My third idea is to run a parent and baby/child club on Thursdays and Saturdays.  Recently, some of my friends with young children have been looking into activities, such as gym, music or dance but have been restricted by the days and times.  All of these activities for pre-school age children happen in the week when many mums now work.  Personally, I think there would be a huge market out there for something like this for working parents.  I could also do one on a Thursday for non-working parents or part-time workers.  Ideas include, drama and dance, craft sessions, baby massage/relaxation etc.  The downside is that I would probably need some training (especially for the massage idea) and premises but it is a definite possibility.

My fourth idea is to do with muffins and cakes.  Recently, I have enjoyed doing some baking at home and have shared with others who have made some very positive comments - of course, they may just be being polite - which has given me the idea of doing some baking and then selling them to small local cafes etc to sell on.  Would clearly have to contact cafes to see if this is a viable idea at all though.

My fifth idea is to either become a tutor, for a company or independently, or even more exciting, to run my own local tutor company.  I know of a couple of English teachers who would be interested in tutoring too so maybe a small company is the way to go.   Trouble is that the next 2 months are the peak time as the exams are in May and I haven't even got the idea properly formed yet.
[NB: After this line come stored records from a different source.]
lemma poly_over_bezout:
  assumes p: "poly_over E p" and m: "poly_over E m" "m \<noteq> 0"
  obtains u v w where "poly_over E u" "poly_over E w" "w = u * p + v * m" "w \<noteq> 0"
    "\<exists>Q. poly_over E Q \<and> p = Q * w" "\<exists>Q. poly_over E Q \<and> m = Q * w"
proof -
  define I where "I = {w. \<exists>u v. poly_over E u \<and> poly_over E v \<and> w = u * p + v * m \<and> w \<noteq> 0}"
  have "m \<in> I" unfolding I_def using m by (intro CollectI exI[of _ 0] exI[of _ 1]) auto
  then obtain w where w: "w \<in> I" and least: "\<And>w'. w' \<in> I \<Longrightarrow> degree w \<le> degree w'"
    using ex_has_least_nat[of "\<lambda>w. w \<in> I" m degree] by blast
  from w obtain u v where uv: "poly_over E u" "poly_over E v" "w = u * p + v * m" "w \<noteq> 0"
    unfolding I_def by blast
  have divides: "\<exists>Q. poly_over E Q \<and> z = Q * w"
    if uv': "poly_over E u'" "poly_over E v'" "z = u' * p + v' * m" for z u' v'
  proof -
    have "poly_over E z" "poly_over E w" using uv uv' p m by simp_all
    from poly_over_division[OF this uv(4)] obtain Q r where
      Qr: "poly_over E Q" "poly_over E r" "z = Q * w + r" "r = 0 \<or> degree r < degree w" by blast
    have "r = (u' - Q * u) * p + (v' - Q * v) * m" using Qr(3) uv'(3) uv(3) by (simp add: algebra_simps)
    then have "r \<notin> I \<longrightarrow> r = 0" using uv' uv Qr unfolding I_def by auto
    then have "r = 0" using least[of r] Qr(4) by (cases "r \<in> I") auto
    then show ?thesis using Qr by auto
  qed
  have "\<exists>Q. poly_over E Q \<and> p = Q * w" by (rule divides[of 1 0]) (use p in auto)
  moreover have "\<exists>Q. poly_over E Q \<and> m = Q * w" by (rule divides[of 0 1]) (use m in auto)
  moreover have "poly_over E w" using uv p m by simp
  ultimately show ?thesis using that[OF uv(1) _ uv(3,4)] by blast
qed

lemma adjoin_subset: "E \<subseteq> adjoin E \<gamma>"
  unfolding adjoin_def by (force intro: image_eqI[where x = "[:_:]"])

lemma root_in_adjoin: "\<gamma> \<in> adjoin E \<gamma>"
  unfolding adjoin_def by (force intro: image_eqI[where x = "[:0, 1:]"])

lemma adjoin_least: "is_subfield T \<Longrightarrow> E \<subseteq> T \<Longrightarrow> \<gamma> \<in> T \<Longrightarrow> adjoin E \<gamma> \<subseteq> T"
  unfolding adjoin_def using type_subfield.poly_closed type_subfield.intro poly_over_mono by blast

lemma inverse_in_adjoin:
  assumes mp: "is_minpoly E \<gamma> m" and y: "y \<in> adjoin E \<gamma>"
  shows "inverse y \<in> adjoin E \<gamma>"
proof (cases "y = 0")
  case True
  then show ?thesis using y by simp
next
  case False
  from y obtain p where p: "poly_over E p" "y = poly p \<gamma>" unfolding adjoin_def by blast
  have m: "poly_over E m" "m \<noteq> 0" "poly m \<gamma> = 0" using mp by (auto simp: is_minpoly_def)
  obtain u v w Q Q' where uvw: "poly_over E u" "poly_over E w" "w = u * p + v * m" "w \<noteq> 0"
    and Q: "poly_over E Q" "m = Q * w" and Q': "p = Q' * w"
    using poly_over_bezout[OF p(1) m(1,2)] by metis
  have "poly w \<gamma> \<noteq> 0" using Q' p(2) False by auto
  then have "poly Q \<gamma> = 0" "Q \<noteq> 0" using Q m by auto
  then have "degree m \<le> degree Q" using minpoly_degree_le[OF mp Q(1)] by blast
  then have "degree w = 0" using Q(2) m(2) by (simp add: degree_mult_eq)
  then obtain c where c: "w = [:c:]" "c \<noteq> 0" using uvw(4) by (metis degree_eq_zeroE pCons_0_0)
  have "c = poly u \<gamma> * y" using arg_cong[OF uvw(3), of "\<lambda>w. poly w \<gamma>"] c m(3) p(2) by simp
  then have "inverse y = poly (Polynomial.smult (inverse c) u) \<gamma>" using c(2) False by (simp add: field_simps)
  then show ?thesis
    using uvw(1,2) c(1) unfolding adjoin_def by (auto intro!: image_eqI[where x = "Polynomial.smult (inverse c) u"])
qed

lemma subfield_adjoin:
  assumes "is_minpoly E \<gamma> m"
  shows "is_subfield (adjoin E \<gamma>)"
  unfolding is_subfield_def
proof (intro conjI ballI)
  show "0 \<in> adjoin E \<gamma>" "1 \<in> adjoin E \<gamma>" using adjoin_subset[of \<gamma>] by auto
  fix x y assume "x \<in> adjoin E \<gamma>" "y \<in> adjoin E \<gamma>"
  then obtain p1 p2 where "poly_over E p1" "x = poly p1 \<gamma>" "poly_over E p2" "y = poly p2 \<gamma>"
    unfolding adjoin_def by blast
  then show "x + y \<in> adjoin E \<gamma>" "x * y \<in> adjoin E \<gamma>"
    unfolding adjoin_def
    by (auto intro: image_eqI[where x = "p1 + p2"]) (auto intro: image_eqI[where x = "p1 * p2"])
next
  fix x assume x: "x \<in> adjoin E \<gamma>"
  then obtain p where "poly_over E p" "x = poly p \<gamma>" unfolding adjoin_def by blast
  then show "- x \<in> adjoin E \<gamma>" unfolding adjoin_def by (auto intro!: image_eqI[where x = "- p"])
  show "inverse x \<in> adjoin E \<gamma>" by (rule inverse_in_adjoin[OF assms x])
qed

end

context type_subfield_hom
begin

text \<open>The extension sends \<open>p(\<gamma>)\<close> to \<open>(\<tau> p)(\<delta>)\<close>; this is well defined because the polynomials
  over \<open>E\<close> vanishing at \<open>\<gamma>\<close> are the multiples of \<open>m\<close>.\<close>

lemma extend_to_adjoin:
  assumes mp: "is_minpoly E \<gamma> m" and \<delta>: "poly (map_poly \<tau> m) \<delta> = 0"
  obtains \<tau>' where "hom_on (adjoin E \<gamma>) \<tau>'" "\<forall>x\<in>E. \<tau>' x = \<tau> x" "\<tau>' \<gamma> = \<delta>"
proof -
  have mE: "poly_over E m" using mp by (simp add: is_minpoly_def)
  have well_defined: "poly (map_poly \<tau> p1) \<delta> = poly (map_poly \<tau> p2) \<delta>"
    if "poly_over E p1" "poly_over E p2" "poly p1 \<gamma> = poly p2 \<gamma>" for p1 p2
  proof -
    have "poly_over E (p1 - p2)" "poly (p1 - p2) \<gamma> = 0" using that by simp_all
    then obtain h where h: "poly_over E h" "p1 - p2 = m * h" using mp unfolding is_minpoly_def by blast
    have "map_poly \<tau> p1 - map_poly \<tau> p2 = map_poly \<tau> m * map_poly \<tau> h"
      using map_poly_diff[OF that(1,2)] map_poly_mult[OF mE h(1)] h(2) by simp
    then show ?thesis using \<delta> by (metis eq_iff_diff_eq_0 mult_zero_left poly_diff poly_mult)
  qed
  define \<tau>' where "\<tau>' y = poly (map_poly \<tau> (SOME p. poly_over E p \<and> poly p \<gamma> = y)) \<delta>" for y
  have eval: "\<tau>' (poly p \<gamma>) = poly (map_poly \<tau> p) \<delta>" if "poly_over E p" for p
  proof -
    have "\<exists>p'. poly_over E p' \<and> poly p' \<gamma> = poly p \<gamma>" using that by blast
    from someI_ex[OF this] show ?thesis unfolding \<tau>'_def using well_defined that by blast
  qed
  have "hom_on (adjoin E \<gamma>) \<tau>'" unfolding hom_on_def
  proof (intro conjI ballI)
    show "\<tau>' 1 = 1" using eval[of 1] by simp
    fix x y assume "x \<in> adjoin E \<gamma>" "y \<in> adjoin E \<gamma>"
    then obtain p1 p2 where p: "poly_over E p1" "x = poly p1 \<gamma>" "poly_over E p2" "y = poly p2 \<gamma>"
      unfolding adjoin_def by blast
    show "\<tau>' (x + y) = \<tau>' x + \<tau>' y" "\<tau>' (x * y) = \<tau>' x * \<tau>' y"
      using eval[of "p1 + p2"] eval[of "p1 * p2"] eval[of p1] eval[of p2] p
      by (simp_all add: map_poly_add map_poly_mult)
  qed
  moreover have "\<forall>x\<in>E. \<tau>' x = \<tau> x"
  proof
    fix x assume "x \<in> E"
    moreover have "map_poly \<tau> [:x:] = [:\<tau> x:]" by (simp add: map_poly_const)
    ultimately show "\<tau>' x = \<tau> x" using eval[of "[:x:]"] by simp
  qed
  moreover have "\<tau>' \<gamma> = \<delta>" using eval[of "[:0, 1:]"] by simp
  ultimately show ?thesis by (rule that)
qed

end

section \<open>Groups of field automorphisms\<close>

definition field_auts :: "'c::field set \<Rightarrow> 'c set \<Rightarrow> ('c \<Rightarrow> 'c) set" where
  "field_auts K k = {\<sigma>. bij_betw \<sigma> K K \<and>
     (\<forall>x\<in>K. \<forall>y\<in>K. \<sigma> (x + y) = \<sigma> x + \<sigma> y \<and> \<sigma> (x * y) = \<sigma> x * \<sigma> y) \<and>
     (\<forall>a\<in>k. \<sigma> a = a) \<and> (\<forall>x. x \<notin> K \<longrightarrow> \<sigma> x = x)}"

lemma field_auts_restrict:
  assumes K: "is_subfield K" and "k \<subseteq> K" and hom: "hom_on K \<sigma>" and "bij_betw \<sigma> K K"
    and "\<forall>a\<in>k. \<sigma> a = a"
  shows "(\<lambda>x. if x \<in> K then \<sigma> x else x) \<in> field_auts K k"
proof -
  interpret \<sigma>: type_subfield_hom K \<sigma> by unfold_locales (use K hom in simp_all)
  have "bij_betw (\<lambda>x. if x \<in> K then \<sigma> x else x) K K"
    using \<open>bij_betw \<sigma> K K\<close> by (rule bij_betw_cong[THEN iffD1, rotated]) simp
  then show ?thesis using assms unfolding field_auts_def by (auto simp: \<sigma>.hom_add \<sigma>.hom_mult)
qed

lemma field_auts_comp:
  assumes "\<sigma> \<in> field_auts K k" "\<rho> \<in> field_auts K k"
  shows "\<sigma> \<circ> \<rho> \<in> field_auts K k"
proof -
  have "bij_betw \<sigma> K K" "bij_betw \<rho> K K" using assms by (auto simp: field_auts_def)
  moreover have "\<rho> x \<in> K" if "x \<in> K" for x using \<open>bij_betw \<rho> K K\<close> that by (meson bij_betwE)
  ultimately show ?thesis using assms unfolding field_auts_def by (auto intro: bij_betw_trans)
qed

lemma field_auts_inverse:
  assumes \<sigma>: "\<sigma> \<in> field_auts K k" and K: "is_subfield K" and kK: "k \<subseteq> K"
  obtains \<sigma>' where "\<sigma>' \<in> field_auts K k" "\<sigma>' \<circ> \<sigma> = id" "\<sigma> \<circ> \<sigma>' = id"
proof -
  interpret K: type_subfield K by unfold_locales (fact K)
  have bij: "bij_betw \<sigma> K K" and out: "\<And>x. x \<notin> K \<Longrightarrow> \<sigma> x = x"
    and hom: "\<And>x y. x \<in> K \<Longrightarrow> y \<in> K \<Longrightarrow> \<sigma> (x + y) = \<sigma> x + \<sigma> y \<and> \<sigma> (x * y) = \<sigma> x * \<sigma> y"
    and fixed: "\<And>a. a \<in> k \<Longrightarrow> \<sigma> a = a"
    using \<sigma> by (auto simp: field_auts_def)
  define \<sigma>' where "\<sigma>' x = (if x \<in> K then inv_into K \<sigma> x else x)" for x
  have inv_in: "inv_into K \<sigma> x \<in> K" and inv_right: "\<sigma> (inv_into K \<sigma> x) = x" if "x \<in> K" for x
    using that bij by (auto simp: bij_betw_def inv_into_into f_inv_into_f)
  have inv_left: "inv_into K \<sigma> (\<sigma> x) = x" if "x \<in> K" for x
    using that bij by (simp add: bij_betw_def)
  have inv_eq: "\<sigma>' z = x" if "x \<in> K" "z = \<sigma> x" for x z
    using that inv_left bij by (auto simp: \<sigma>'_def bij_betw_def)
  have "\<sigma>' \<in> field_auts K k" unfolding field_auts_def
  proof (intro CollectI conjI ballI allI impI)
    show "bij_betw \<sigma>' K K"
      using bij_betw_inv_into[OF bij] by (rule bij_betw_cong[THEN iffD1, rotated]) (simp add: \<sigma>'_def)
    fix x y assume xy: "x \<in> K" "y \<in> K"
    then have "\<sigma>' x \<in> K" "\<sigma>' y \<in> K" "\<sigma> (\<sigma>' x) = x" "\<sigma> (\<sigma>' y) = y"
      using inv_in inv_right by (simp_all add: \<sigma>'_def)
    then show "\<sigma>' (x + y) = \<sigma>' x + \<sigma>' y" "\<sigma>' (x * y) = \<sigma>' x * \<sigma>' y"
      using inv_eq[of "\<sigma>' x + \<sigma>' y" "x + y"] inv_eq[of "\<sigma>' x * \<sigma>' y" "x * y"] hom by simp_all
  next
    fix a assume "a \<in> k"
    then show "\<sigma>' a = a" using kK fixed inv_eq[of a a] by auto
  qed (simp add: \<sigma>'_def)
  moreover have "\<sigma>' \<circ> \<sigma> = id"
  proof
    fix x show "(\<sigma>' \<circ> \<sigma>) x = id x"
      using inv_eq[of x "\<sigma> x"] out[of x] by (cases "x \<in> K") (simp_all add: \<sigma>'_def)
  qed
  moreover have "\<sigma> \<circ> \<sigma>' = id"
    using out inv_right by (auto simp: \<sigma>'_def fun_eq_iff)
  ultimately show ?thesis by (rule that)
qed

lemma card_orbit_dvd_card_field_auts:
  assumes K: "is_subfield K" and kK: "k \<subseteq> K" and "finite R"
    and into: "\<And>\<sigma>. \<sigma> \<in> field_auts K k \<Longrightarrow> \<sigma> \<alpha> \<in> R"
    and transitive: "\<And>\<beta>. \<beta> \<in> R \<Longrightarrow> \<exists>\<sigma>\<in>field_auts K k. \<sigma> \<alpha> = \<beta>"
  shows "card R dvd card (field_auts K k)"
proof (cases "finite (field_auts K k)")
  case True
  define fibre where "fibre \<beta> = {\<sigma>\<in>field_auts K k. \<sigma> \<alpha> = \<beta>}" for \<beta>
  have "field_auts K k = (\<Union>\<beta>\<in>R. fibre \<beta>)" using into unfolding fibre_def by auto
  then have "card (field_auts K k) = (\<Sum>\<beta>\<in>R. card (fibre \<beta>))"
    by (simp only:) (rule card_UN_disjoint, use \<open>finite R\<close> True in \<open>auto simp: fibre_def\<close>)
  also have "\<dots> = (\<Sum>\<beta>\<in>R. card (fibre \<alpha>))"
  proof (rule sum.cong[OF refl])
    fix \<beta> assume "\<beta> \<in> R"
    from transitive[OF this] obtain \<sigma> where \<sigma>: "\<sigma> \<in> field_auts K k" "\<sigma> \<alpha> = \<beta>" by blast
    obtain \<sigma>' where \<sigma>': "\<sigma>' \<in> field_auts K k" "\<sigma>' \<circ> \<sigma> = id" "\<sigma> \<circ> \<sigma>' = id"
      using field_auts_inverse[OF \<sigma>(1) K kK] .
    have "\<sigma>' \<beta> = \<alpha>" using \<sigma>'(2) \<sigma>(2) by (metis comp_apply id_apply)
    have "bij_betw (\<lambda>\<rho>. \<sigma> \<circ> \<rho>) (fibre \<alpha>) (fibre \<beta>)"
    proof (rule bij_betw_byWitness[where f' = "\<lambda>\<rho>. \<sigma>' \<circ> \<rho>"])
      show "\<forall>\<rho>\<in>fibre \<alpha>. \<sigma>' \<circ> (\<sigma> \<circ> \<rho>) = \<rho>" "\<forall>\<rho>\<in>fibre \<beta>. \<sigma> \<circ> (\<sigma>' \<circ> \<rho>) = \<rho>"
        using \<sigma>'(2,3) by (simp_all add: comp_assoc[symmetric])
      show "(\<lambda>\<rho>. \<sigma> \<circ> \<rho>) ` fibre \<alpha> \<subseteq> fibre \<beta>" "(\<lambda>\<rho>. \<sigma>' \<circ> \<rho>) ` fibre \<beta> \<subseteq> fibre \<alpha>"
        using \<sigma> \<sigma>'(1) \<open>\<sigma>' \<beta> = \<alpha>\<close> field_auts_comp unfolding fibre_def by auto
    qed
    then show "card (fibre \<beta>) = card (fibre \<alpha>)" by (simp add: bij_betw_same_card)
  qed
  finally show ?thesis by simp
qed simp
On a positive note, there are few outlays (or even none) so no/little risk involved.  There are some companies around here that do tutoring but they are all national companies and I think the local touch is sometimes more valued.

The final idea is one that I have had floating around for the last 18 years (ish) but is totally impractical and certainly not going to bring in much (if any) money and that idea is to write a book.  Maybe one day....

Any comments on what you think I should do?